Winston, despite his insight and criticism, is himself not immune to such pressure.
In a recent Twitter exchange with a constituent who advocated that the city require its employees to get COVID vaccines, Winston claimed City Council has no power to impose such a mandate because the issue touches on personnel matters, which fall under the purview of the city manager.
This is just wrong: State law gives Council power to “adopt … rules and regulations … concerning … personnel policies” and qualifies the city manager’s power over personnel matters by making his authority subject to “such general personnel rules, regulations, policies, or ordinances as the council may adopt.”
Council could mandate employee vaccines, but a municipal culture that seeks to minimize Council’s power while aggrandizing the power of the bureaucracy counsels otherwise — which brings us back to Lyles and the question of a mask mandate.
Just as Winston would have the city manager replace Council’s judgment regarding a vaccine mandate for employees, Lyles would have a committee of bureaucrats replace her judgment regarding a municipal mask mandate — both examples of democratic surrender before the overawing power of bureaucracy.
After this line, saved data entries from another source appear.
lemma nonroot_corner_descends_or_climbs:
  assumes \<kappa>: "(v, j) \<in> corners (Aset \<omega>)" and v: "v \<noteq> [True]"
  shows "(\<exists>e\<ge>spine_start \<omega>. reaches (Aset \<omega>) (v, j) (spine_vertex \<omega> e, 0))
    \<or> reaches (Aset \<omega>) (v, j) (tparent v, cidx v)"
proof -
  have "v \<in> Aset \<omega>" "v \<noteq> []" using \<kappa> by (auto simp: corners_def)
  from this(1) show ?thesis
  proof (cases rule: Aset_cases)
    case (spine d)
    then have d: "spine_start \<omega> \<le> d" using spine_start_le \<open>v \<noteq> []\<close> v by blast
    show ?thesis
    proof (cases "j \<le> (if Xv \<omega> (Suc d) then 1 else 0)")
      case True
      then show ?thesis using spine spine_corner_descends[OF d] d le_SucI by blast
    next
      case False
      then show ?thesis using spine spine_corner_ascends[OF d] \<kappa> by (simp add: not_le)
    qed
  next
    case (branch d u)
    then show ?thesis using branch_exits \<kappa> v by blast
  qed
qed

lemma root_child_returns:
  assumes \<kappa>: "([True], j) \<in> corners (Aset \<omega>)"
    and c: "csucc (Aset \<omega>) ([True], j) = (branch_root \<omega> d @ u, 0)"
  shows "reaches (Aset \<omega>) ([True], j) ([True], cidx (branch_root \<omega> d @ u))"
proof -
  let ?c = "branch_root \<omega> d @ u"
  have "?c \<in> {[False], [True, False], [True, True]}" using csucc_root_cases[of "Aset \<omega>" j] c by auto
  then have "?c \<noteq> [True]" "tparent ?c = [True]" by (auto simp: tparent_def)
  moreover have "(?c, 0) \<in> corners (Aset \<omega>)" using Aset.csucc_in_corners[OF \<kappa>] c by simp
  ultimately show ?thesis using branch_exits[OF refl] by (metis reaches_csucc c)
qed

lemma root_of_degree_3:
  assumes "[True, False] \<in> Aset \<omega>"
  shows "nch (Aset \<omega>) [True] = 3" "([True], k) \<in> corners (Aset \<omega>) \<longleftrightarrow> k \<in> {1, 2, 3}"
    "csucc (Aset \<omega>) ([True], 1) = ([True, False], 0)" "csucc (Aset \<omega>) ([True], 2) = ([True, True], 0)"
    "csucc (Aset \<omega>) ([True], 3) = ([False], 0)"
  using assms Aset.singleton_mem by (auto simp: nch_root corners_def csucc_root children_root)

lemma root_corner_reaches_spine_X1:
  assumes X1: "Xv \<omega> 1" and \<kappa>: "([True], j) \<in> corners (Aset \<omega>)"
  shows "reaches (Aset \<omega>) ([True], j) (spine_vertex \<omega> 2, 0)"
proof -
  have "[True, False] \<in> Aset \<omega>" using spine_child_mem[of \<omega> 1] X1 by (simp add: spine_vertex_Suc One_nat_def)
  note root = root_of_degree_3[OF this]
  have branches: "branch_root \<omega> 0 @ [] = [False]" "branch_root \<omega> 1 @ [] = [True, \<not> Xv \<omega> 2]"
    using X1 by (simp_all add: branch_root_def spine_vertex_Suc One_nat_def numeral_2_eq_2)
  have r3_r1: "reaches (Aset \<omega>) ([True], 3) ([True], 1)"
    using root_child_returns[of 3 0 "[]"] root branches by (simp add: cidx_def)
  have ret: "reaches (Aset \<omega>) ([True], k) ([True], if Xv \<omega> 2 then 2 else 3)"
    if "csucc (Aset \<omega>) ([True], k) = ([True, \<not> Xv \<omega> 2], 0)" "k \<in> {1, 2}" for k
    using root_child_returns[of k 1 "[]"] root branches that by (auto simp: cidx_def)
  have "reaches (Aset \<omega>) ([True], k) (spine_vertex \<omega> 2, 0)" if "k \<in> {1, 2, 3}" for k
  proof (cases "Xv \<omega> 2")
    case True
    then have "reaches (Aset \<omega>) ([True], 2) (spine_vertex \<omega> 2, 0)"
      using root X1 by (simp add: spine_vertex_2 reaches_csuccI)
    moreover from this have "reaches (Aset \<omega>) ([True], 1) (spine_vertex \<omega> 2, 0)"
      using ret[of 1] root True reaches_trans by auto
    ultimately show ?thesis using that r3_r1 reaches_trans by auto
  next
    case False
    then have "reaches (Aset \<omega>) ([True], 1) (spine_vertex \<omega> 2, 0)"
      using root X1 by (simp add: spine_vertex_2 reaches_csuccI)
    moreover from this have "reaches (Aset \<omega>) ([True], 3) (spine_vertex \<omega> 2, 0)"
      using r3_r1 reaches_trans by blast
    moreover from this have "reaches (Aset \<omega>) ([True], 2) (spine_vertex \<omega> 2, 0)"
      using ret[of 2] root False reaches_trans by auto
    ultimately show ?thesis using that by auto
  qed
  then show ?thesis using \<kappa> root by simp
qed

lemma root_corner_reaches_spine_not_X1:
  assumes X1: "\<not> Xv \<omega> 1" and \<kappa>: "([True], j) \<in> corners (Aset \<omega>)"
  shows "reaches (Aset \<omega>) ([True], j) (spine_vertex \<omega> 1, 0)"
proof (cases "[True, False] \<in> Aset \<omega>")
  case True
  note root = root_of_degree_3[OF True]
  have branch: "branch_root \<omega> 0 @ [b] = [True, b]" for b
    using X1 by (simp add: branch_root_def)
  have r3: "reaches (Aset \<omega>) ([True], 3) (spine_vertex \<omega> 1, 0)"
    using root X1 by (simp add: spine_vertex_Suc One_nat_def reaches_csuccI)
  moreover have r2: "reaches (Aset \<omega>) ([True], 2) (spine_vertex \<omega> 1, 0)"
    using root_child_returns[of 2 0 "[True]"] root branch[of True] reaches_trans[OF _ r3]
    by (simp add: cidx_def)
  moreover have "reaches (Aset \<omega>) ([True], 1) (spine_vertex \<omega> 1, 0)"
    using root_child_returns[of 1 0 "[False]"] root branch[of False] reaches_trans[OF _ r2]
    by (simp add: cidx_def)
  ultimately show ?thesis using \<kappa> root by auto
next
  case False
  then have "j = 1" using \<kappa> by (simp add: corners_def nch_root)
  then show ?thesis using False X1
    by (simp add: spine_vertex_Suc One_nat_def csucc_root children_root nch_root reaches_csuccI)
qed

lemma root_corner_reaches_spine:
  "([True], j) \<in> corners (Aset \<omega>) \<Longrightarrow>
    reaches (Aset \<omega>) ([True], j) (spine_vertex \<omega> (spine_start \<omega>), 0)"
  using root_corner_reaches_spine_X1 root_corner_reaches_spine_not_X1
  by (simp add: spine_start_def)

lemma corner_reaches_spine:
  assumes "(v, j) \<in> corners (Aset \<omega>)"
  shows "\<exists>e\<ge>spine_start \<omega>. reaches (Aset \<omega>) (v, j) (spine_vertex \<omega> e, 0)"
  using assms
proof (induction "length v" arbitrary: v j rule: less_induct)
  case less
  show ?case
  proof (cases "v = [True]")
    case False
    from nonroot_corner_descends_or_climbs[OF less.prems False] show ?thesis
    proof
      assume up: "reaches (Aset \<omega>) (v, j) (tparent v, cidx v)"
      have "v \<in> Aset \<omega>" "v \<noteq> []" using less.prems by (auto simp: corners_def)
      then have pc: "(tparent v, cidx v) \<in> corners (Aset \<omega>)" using Aset.parent_corner False by blast
      show ?thesis
      proof (cases "tparent v = [True]")
        case True
        then show ?thesis using root_corner_reaches_spine pc reaches_trans[OF up] by fastforce
      next
        case False
        then have "length (tparent v) < length v"
          using \<open>v \<noteq> []\<close> by (simp add: tparent_def split: if_splits)
        then show ?thesis using less.hyps[OF _ pc] reaches_trans[OF up] by blast
      qed
    qed
  qed (use root_corner_reaches_spine less.prems in blast)
qed

lemma spine_corners_reach:
  assumes "spine_start \<omega> \<le> d"
  shows "d \<le> e \<Longrightarrow> reaches (Aset \<omega>) (spine_vertex \<omega> d, 0) (spine_vertex \<omega> e, 0)"
proof (induction e)
  case (Suc e)
  show ?case
  proof (cases "d = Suc e")
    case False
    then have "d \<le> e" using Suc.prems by simp
    then show ?thesis using Suc.IH spine_corner_descends[of e 0] assms reaches_trans by auto
  qed simp
qed simp

lemma corner_eventually_reaches_spine:
  assumes "\<kappa> \<in> corners (Aset \<omega>)"
  shows "\<exists>e\<^sub>0. \<forall>e\<ge>e\<^sub>0. reaches (Aset \<omega>) \<kappa> (spine_vertex \<omega> e, 0)"
proof -
  obtain e where "spine_start \<omega> \<le> e" "reaches (Aset \<omega>) \<kappa> (spine_vertex \<omega> e, 0)"
    using corner_reaches_spine assms by (cases \<kappa>) blast
  then show ?thesis using spine_corners_reach reaches_trans by blast
qed

lemma label_Aset: "label (Aset \<omega>) = corner_label (Aset \<omega>)"
proof (rule Aset.label_eqI[OF Aset.corner_label_is_labelling])
  fix \<kappa> assume "\<kappa> \<in> corners (Aset \<omega>)"
  then obtain e where "\<forall>e'\<ge>e. reaches (Aset \<omega>) \<kappa> (spine_vertex \<omega> e', 0)"
    using corner_eventually_reaches_spine by blast
  moreover obtain e\<^sub>\<rho> where "\<forall>e'\<ge>e\<^sub>\<rho>. reaches (Aset \<omega>) (rho (Aset \<omega>)) (spine_vertex \<omega> e', 0)"
    using corner_eventually_reaches_spine Aset.rho_in_corners by blast
  ultimately show "\<exists>\<mu>. reaches (Aset \<omega>) \<kappa> \<mu> \<and> reaches (Aset \<omega>) (rho (Aset \<omega>)) \<mu>"
    by (metis max.cobounded1 max.cobounded2)
qed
While assertiveness of the sort Winston sometimes displays may occasionally and temporarily correct some of the imbalance between democracy and bureaucracy in Charlotte, lasting, meaningful recalibration of the relationship requires structural reform — for it is the very form of our government that facilitates bureaucracy’s relative hoarding of essential resources and encourages the establishment and maintenance of bureaucracy’s dominance over democracy.